Companies seem to be concentrating their efforts on Facebook - is this a dangerous move?
Not really. If Facebook dies, something else will come along instead. It's currently the most business friendly, has the largest reach, has global scale and is actively courting businesses. I'd say it's better to do one thing well than 5 things badly. Bear in mind that most companies' investment in Facebook will be negligible in the greater scheme of things. If it isn't, that's a bit silly.
A huge element of social media seems to be based around customer satisfaction but should companies - and customers - accept that you won’t always get it your own way?
People are arseholes. Some of them run companies, some of them buy stuff from companies.
I've always thought Michael O'Leary is a magnificent brand builder. I've been reading for years now how his attitude to customer service means that he'll go out of business. Yet he nearly bought Aer Lingus. He has a strong, clear proposition that he relentlessly reinforces. People buy it.

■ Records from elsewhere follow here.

lemma lookup_x_pow_eq_0_if_zvar_dvd:
  fixes g :: "'a::comm_ring_1 bipoly"
  assumes "zvar dvd g"
  shows "Poly_Mapping.lookup g (n, 0) = 0"
proof -
  obtain h where g: "g = zvar * h"
    using assms by (auto elim: dvdE)
  have "(n, 0) \<notin> Poly_Mapping.keys (zvar * h)"
  proof
    assume "(n, 0) \<in> Poly_Mapping.keys (zvar * h)"
    then obtain b :: "nat \<times> nat" where "(n, 0) = (0, 1) + b"
      using keys_mult[of zvar h] by (auto simp: zvar_def)
    then have "(0::nat) = 1 + snd b"
      by (metis snd_add snd_conv)
    then show False
      by simp
  qed
  then show ?thesis
    using g by (simp add: in_keys_iff)
qed

definition homog_comp :: "nat \<Rightarrow> 'a::zero bipoly \<Rightarrow> 'a bipoly" where
  "homog_comp j p = Poly_Mapping.mapp (\<lambda>k v. if tdeg k = j then v else 0) p"

lemma lookup_homog_comp:
  "Poly_Mapping.lookup (homog_comp j p) k = (if tdeg k = j then Poly_Mapping.lookup p k else 0)"
  unfolding homog_comp_def lookup_mapp by (auto simp: when_def in_keys_iff)

lemma tdeg_keys_homog_comp: "k \<in> Poly_Mapping.keys (homog_comp j p) \<Longrightarrow> tdeg k = j"
  by (auto simp: in_keys_iff lookup_homog_comp split: if_splits)

lemma homog_comp_add:
  "homog_comp j (p + q) = homog_comp j p + homog_comp j (q :: 'a::monoid_add bipoly)"
  by (rule poly_mapping_eqI) (simp add: lookup_homog_comp lookup_add)

lemma homog_comp_fdeg_form:
  assumes "is_form \<phi>"
  shows "homog_comp (fdeg \<phi>) \<phi> = \<phi>"
  by (rule poly_mapping_eqI)
    (metis lookup_homog_comp in_keys_iff tdeg_keys_form[OF assms])

lemma is_form_homog_comp:
  "homog_comp j p \<noteq> 0 \<Longrightarrow> is_form (homog_comp j p) \<and> fdeg (homog_comp j p) = j"
  using is_form_fdegI tdeg_keys_homog_comp by blast

lemma homog_comp_0: "homog_comp 0 p = Poly_Mapping.single 0 (Poly_Mapping.lookup p 0)"
  by (rule poly_mapping_eqI)
    (auto simp: lookup_homog_comp lookup_single when_def zero_prod_def)

lemma homog_comp_mult_form:
  fixes p f :: "'a::comm_ring_1 bipoly"
  assumes f: "is_form f"
  shows "homog_comp N (p * f) = (if fdeg f \<le> N then homog_comp (N - fdeg f) p * f else 0)"
proof -
  have deg_keys: "\<exists>a\<in>Poly_Mapping.keys q. tdeg k = tdeg a + fdeg f"
    if k: "k \<in> Poly_Mapping.keys (q * f)" for k and q :: "'a bipoly"
  proof -
    obtain a b where "a \<in> Poly_Mapping.keys q" "b \<in> Poly_Mapping.keys f" "k = a + b"
      using k keys_mult[of q f] by blast
    then show ?thesis
      using tdeg_add tdeg_keys_form[OF f] by metis
  qed
  show ?thesis
  proof (cases "fdeg f \<le> N")
    case True
    define j where "j = N - fdeg f"
    have "Poly_Mapping.lookup (homog_comp N (p * f)) k = Poly_Mapping.lookup (homog_comp j p * f) k"
      for k
    proof (cases "tdeg k = N")
      case True
      have "Poly_Mapping.lookup ((p - homog_comp j p) * f) k = 0"
      proof (rule ccontr)
        assume "Poly_Mapping.lookup ((p - homog_comp j p) * f) k \<noteq> 0"
        then obtain a where a: "a \<in> Poly_Mapping.keys (p - homog_comp j p)" "tdeg k = tdeg a + fdeg f"
          using deg_keys by (meson in_keys_iff)
        then have "tdeg a = j"
          using True j_def by simp
        with a(1) show False
          by (simp add: in_keys_iff lookup_minus lookup_homog_comp)
      qed
      moreover have "p * f = homog_comp j p * f + (p - homog_comp j p) * f"
        by (simp add: algebra_simps)
      ultimately show ?thesis
        using True by (metis add.right_neutral lookup_add lookup_homog_comp)
    next
      case False
      have "k \<notin> Poly_Mapping.keys (homog_comp j p * f)"
        using deg_keys[of k "homog_comp j p"] tdeg_keys_homog_comp False \<open>fdeg f \<le> N\<close> j_def
        by force
      then show ?thesis
        using False by (simp add: lookup_homog_comp in_keys_iff)
    qed
    then show ?thesis
      using True j_def by (simp add: poly_mapping_eqI)
  next
    case False
    have "Poly_Mapping.lookup (homog_comp N (p * f)) k = 0" for k
      using deg_keys[of k p] False by (force simp: lookup_homog_comp in_keys_iff)
    then show ?thesis
      using False by (simp add: poly_mapping_eqI)
  qed
qed

lemma lookup_single_0_mult:
  "Poly_Mapping.lookup (Poly_Mapping.single 0 c * p) k = c * Poly_Mapping.lookup (p :: 'a::comm_ring_1 bipoly) k"
  by (simp add: mult_map_scale_conv_mult[symmetric] map.rep_eq when_def)

lemma form_eq_homog_comp_combination:
  fixes f g \<theta> a b :: "'a::comm_ring_1 bipoly"
  assumes "is_form f" "is_form g" "is_form \<theta>" "\<theta> = a * f + b * g"
  shows "\<theta> = (if fdeg f \<le> fdeg \<theta> then homog_comp (fdeg \<theta> - fdeg f) a * f else 0)
           + (if fdeg g \<le> fdeg \<theta> then homog_comp (fdeg \<theta> - fdeg g) b * g else 0)"
proof -
  have "\<theta> = homog_comp (fdeg \<theta>) (a * f + b * g)"
    using homog_comp_fdeg_form[OF assms(3)] assms(4) by simp
  then show ?thesis
    by (simp only: homog_comp_add homog_comp_mult_form[OF assms(1)] homog_comp_mult_form[OF assms(2)])
qed

lemma fdeg_le_fdeg_ideal2_Lset:
  fixes f g \<theta> :: "'a::comm_ring_1 bipoly"
  assumes f: "f \<in> Lset" and g: "is_form g" "zvar dvd g" and \<theta>: "\<theta> \<in> ideal2 f g \<inter> Lset"
  shows "fdeg f \<le> fdeg \<theta>"
proof (rule ccontr)
  assume lt: "\<not> fdeg f \<le> fdeg \<theta>"
  obtain a b where "\<theta> = a * f + b * g"
    using \<theta> unfolding ideal2_def by blast
  then have "\<theta> = (if fdeg g \<le> fdeg \<theta> then homog_comp (fdeg \<theta> - fdeg g) b * g else 0)"
    using form_eq_homog_comp_combination[of f g \<theta> a b] f g \<theta> lt by (simp add: Lset_def)
  then have "Poly_Mapping.lookup \<theta> (fdeg \<theta>, 0) = 0"
    using lookup_x_pow_eq_0_if_zvar_dvd dvd_mult[OF g(2)] by (metis lookup_zero)
  with \<theta> show False
    by (simp add: Lset_def)
qed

There's more than one way to run a business. Customer service can be a differentiator but it's nowhere near as important as we like to think.
Where do you see social media being in five years time?
I have literally no idea and I wouldn't like to guess.
For those thinking of getting into social media, any tips or pointers?
Don't believe the hype. Talk to real people. Observe what people DO, not what they could do. Be immensely skeptical. Understand what your value to the organisation could be. Ask yourself if you would be better off handing out leaflets for them. Ask yourself if you could prove that.